This question refers to Iodine trifluoride, IF3.VSEPR — Lewis Structure
a. Draw the Lewis structure for IF3.
b. Using VSEPR determine the geometry of the molecule.
The correct answer and explanation is :
a. Lewis Structure of IF3
To draw the Lewis structure of iodine trifluoride (IF3), follow these steps:
- Count the valence electrons:
- Iodine (I) is in group 17 (halogen), so it has 7 valence electrons.
- Each fluorine (F) atom is also in group 17, so each has 7 valence electrons.
- Total valence electrons = 7 (from I) + 3 × 7 (from F) = 28 valence electrons.
- Place the central atom:
- Iodine is the central atom because it is less electronegative than fluorine.
- Connect the atoms with single bonds:
- Connect iodine to each fluorine atom with a single bond (each bond consists of 2 electrons).
- Distribute the remaining electrons:
- After bonding, 6 electrons are used (3 bonds × 2 electrons = 6 electrons).
- The remaining 22 electrons (28 – 6 = 22) should be placed as lone pairs on the fluorine atoms and iodine atom.
- Fluorine atoms typically form 3 lone pairs each to complete their octet (7 electrons in the bond + 6 from lone pairs = 8 electrons).
- The remaining electrons will be placed on the iodine atom.
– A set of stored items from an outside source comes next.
lemma emeasure_correct_noise:
  assumes y: "y \<in> label_space n"
  shows "emeasure (noise_dist n \<sigma>) (correct_noise n \<sigma> A y)
       = (\<integral>\<^sup>+z. (\<Prod>i\<in>{..<n}. ennreal (normal_density (y i) \<sigma> (z i)))
            * indicator (A -` {y} \<inter> space (PiM {..<n} (\<lambda>_. lborel))) z \<partial>PiM {..<n} (\<lambda>_. lborel))"
proof -
  let ?PL = "PiM {..<n} (\<lambda>_. lborel :: real measure)"
  let ?B = "A -` {y} \<inter> space ?PL"
  have B_sets: "?B \<in> sets ?PL"
    using A_meas singleton_in_sets_PiM_sign_count[OF y] by (rule measurable_sets)
  have "correct_noise n \<sigma> A y = perturb n y -` ?B \<inter> space (noise_dist n \<sigma>)"
    using measurable_space[OF measurable_perturb[of n y \<sigma>]] by (auto simp: correct_noise_def)
  then have "emeasure (noise_dist n \<sigma>) (correct_noise n \<sigma> A y)
      = emeasure (distr (noise_dist n \<sigma>) ?PL (perturb n y)) ?B"
    using B_sets measurable_perturb by (subst emeasure_distr) auto
  also have "\<dots> = emeasure (density ?PL (\<lambda>z. \<Prod>i\<in>{..<n}. ennreal (normal_density (y i) \<sigma> (z i)))) ?B"
    unfolding distr_perturb_noise_dist[OF \<sigma>_pos]
    using \<sigma>_pos by (subst PiM_density_lborel) (auto intro: prob_space_normal_density)
  also have "\<dots> = (\<integral>\<^sup>+z. (\<Prod>i\<in>{..<n}. ennreal (normal_density (y i) \<sigma> (z i))) * indicator ?B z \<partial>?PL)"
    using B_sets by (subst emeasure_density) auto
  finally show ?thesis .
qed

text \<open>For each observation \<open>z\<close> only the label \<open>A z\<close> is decoded correctly, so the densities of
  the \<open>2\<^sup>n\<close> shifted noise laws on the decoding regions add up to at most their pointwise maximum.\<close>
lemma sum_emeasure_correct_noise_le:
  "(\<Sum>y\<in>label_space n. emeasure (noise_dist n \<sigma>) (correct_noise n \<sigma> A y))
     \<le> (\<integral>\<^sup>+t. ennreal (sign_envelope \<sigma> t) \<partial>lborel) ^ n"
proof -
  let ?PL = "PiM {..<n} (\<lambda>_. lborel :: real measure)"
  define B where "B y = A -` {y} \<inter> space ?PL" for y
  define g where "g y z = (\<Prod>i\<in>{..<n}. ennreal (normal_density (y i) \<sigma> (z i)))" for y z
  interpret L: product_sigma_finite "\<lambda>_. lborel :: real measure"
    by (intro product_sigma_finite.intro) (simp add: sigma_finite_lborel)
  have B_sets: "B y \<in> sets ?PL" if "y \<in> label_space n" for y
    unfolding B_def using A_meas singleton_in_sets_PiM_sign_count[OF that] by (rule measurable_sets)
  have g_meas: "g y \<in> borel_measurable ?PL" for y
    unfolding g_def by measurable
  have correct_eq: "emeasure (noise_dist n \<sigma>) (correct_noise n \<sigma> A y) = (\<integral>\<^sup>+z. g y z * indicator (B y) z \<partial>?PL)"
    if "y \<in> label_space n" for y
    unfolding B_def g_def using that by (rule emeasure_correct_noise)
  have "(\<Sum>y\<in>label_space n. emeasure (noise_dist n \<sigma>) (correct_noise n \<sigma> A y))
      = (\<integral>\<^sup>+z. (\<Sum>y\<in>label_space n. g y z * indicator (B y) z) \<partial>?PL)"
    using B_sets g_meas correct_eq by (simp add: nn_integral_sum)
  also have "\<dots> \<le> (\<integral>\<^sup>+z. (\<Prod>i\<in>{..<n}. ennreal (sign_envelope \<sigma> (z i))) \<partial>?PL)"
  proof (rule nn_integral_mono)
    fix z assume z: "z \<in> space ?PL"
    have Az: "A z \<in> label_space n"
      using measurable_space[OF A_meas z] space_PiM_sign_count by simp
    have "(\<Sum>y\<in>label_space n. g y z * indicator (B y) z) = g (A z) z"
      using z Az finite_label_space by (simp add: B_def indicator_def if_distrib)
    also have "\<dots> \<le> (\<Prod>i\<in>{..<n}. ennreal (sign_envelope \<sigma> (z i)))"
      unfolding g_def using Az
      by (intro prod_mono_ennreal ennreal_leI normal_density_le_sign_envelope)
         (auto simp: label_space_def)
    finally show "(\<Sum>y\<in>label_space n. g y z * indicator (B y) z)
        \<le> (\<Prod>i\<in>{..<n}. ennreal (sign_envelope \<sigma> (z i)))" .
  qed
  also have "\<dots> = (\<integral>\<^sup>+t. ennreal (sign_envelope \<sigma> t) \<partial>lborel) ^ n"
    by (subst L.product_nn_integral_prod) (auto simp: sign_envelope_def)
  finally show ?thesis .
qed

lemma correct_decoding_eq:
  "{ye \<in> space (joint_dist n \<sigma>). A (perturb n (fst ye) (snd ye)) = fst ye}
     = (\<Union>y\<in>label_space n. {y} \<times> correct_noise n \<sigma> A y)"
proof -
  have "A (perturb n y e) \<in> label_space n" if "e \<in> space (noise_dist n \<sigma>)" for y e
    using measurable_space[OF A_meas measurable_space[OF measurable_perturb that]]
    by (simp add: space_PiM_sign_count)
  then show ?thesis
    by (auto simp: joint_dist_def Y_dist_def space_pair_measure correct_noise_def) metis
qed

lemma Times_correct_noise_sets:
  assumes "y \<in> label_space n"
  shows "{y} \<times> correct_noise n \<sigma> A y \<in> sets (joint_dist n \<sigma>)"
  unfolding joint_dist_def using correct_noise_sets[OF assms]
  by (intro pair_measureI) (auto simp: Y_dist_def)

lemma emeasure_correct_decoding:
  "emeasure (joint_dist n \<sigma>) (\<Union>y\<in>label_space n. {y} \<times> correct_noise n \<sigma> A y)
     = ennreal (1 / 2 ^ n) * (\<Sum>y\<in>label_space n. emeasure (noise_dist n \<sigma>) (correct_noise n \<sigma> A y))"
proof -
  interpret N: prob_space "noise_dist n \<sigma>"
    using \<sigma>_pos by (rule prob_space_noise_dist)
  have "emeasure (joint_dist n \<sigma>) (\<Union>y\<in>label_space n. {y} \<times> correct_noise n \<sigma> A y)
      = (\<Sum>y\<in>label_space n. emeasure (joint_dist n \<sigma>) ({y} \<times> correct_noise n \<sigma> A y))"
    using Times_correct_noise_sets finite_label_space
    by (intro sum_emeasure[symmetric]) (auto simp: disjoint_family_on_def)
  also have "\<dots> = (\<Sum>y\<in>label_space n. ennreal (1 / 2 ^ n) * emeasure (noise_dist n \<sigma>) (correct_noise n \<sigma> A y))"
  proof (rule sum.cong[OF refl])
    fix y assume y: "y \<in> label_space n"
    have "emeasure (Y_dist n) {y} = ennreal (1 / 2 ^ n)"
      unfolding Y_dist_def using y label_space_not_empty finite_label_space
      by (simp add: emeasure_pmf_single card_label_space)
    then show "emeasure (joint_dist n \<sigma>) ({y} \<times> correct_noise n \<sigma> A y)
        = ennreal (1 / 2 ^ n) * emeasure (noise_dist n \<sigma>) (correct_noise n \<sigma> A y)"
      unfolding joint_dist_def using correct_noise_sets[OF y]
      by (subst N.emeasure_pair_measure_Times) (auto simp: Y_dist_def)
  qed
  finally show ?thesis
    by (simp add: sum_distrib_left)
qed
Iodine can exceed the octet rule and accommodate more than 8 electrons in its valence shell.
- Final structure:
The Lewis structure of IF3 is:
F
|
F -- I -- F
|
..- Each fluorine has three lone pairs, and iodine has two lone pairs. Each I-F bond is a single bond.
b. VSEPR Geometry of IF3
Using the Valence Shell Electron Pair Repulsion (VSEPR) theory, we can determine the geometry of IF3 by looking at the electron pairs around the central iodine atom.
- Electron pairs around iodine:
- There are three bonding pairs (from the three F atoms) and two lone pairs on iodine.
- In total, iodine has 5 regions of electron density (3 bonding regions and 2 lone pairs).
- Electron geometry:
- The electron geometry is determined by the arrangement of the electron pairs around the central atom. Since there are 5 regions of electron density, the electron geometry is trigonal bipyramidal.
- Molecular geometry:
- The molecular geometry refers to the arrangement of atoms in space. Since lone pairs repel more strongly than bonding pairs, the two lone pairs will occupy the equatorial positions to minimize repulsion. The three fluorine atoms will occupy the remaining equatorial and axial positions.
- This gives IF3 a T-shaped molecular geometry, where the three fluorine atoms form a T shape around the iodine atom.
- Bond angles:
- The bond angles are not the same as those in a perfect trigonal bipyramidal structure due to the lone pairs.
- The bond angles between the fluorine atoms are approximately 90° and 180°, as the fluorines occupy the axial and equatorial positions.
Conclusion:
The Lewis structure of IF3 shows iodine as the central atom bonded to three fluorine atoms, with lone pairs on both iodine and fluorine atoms. According to VSEPR theory, the geometry of IF3 is T-shaped with a trigonal bipyramidal electron geometry. This is due to the presence of three bonding pairs and two lone pairs on iodine, leading to electron repulsion that favors the T-shaped arrangement.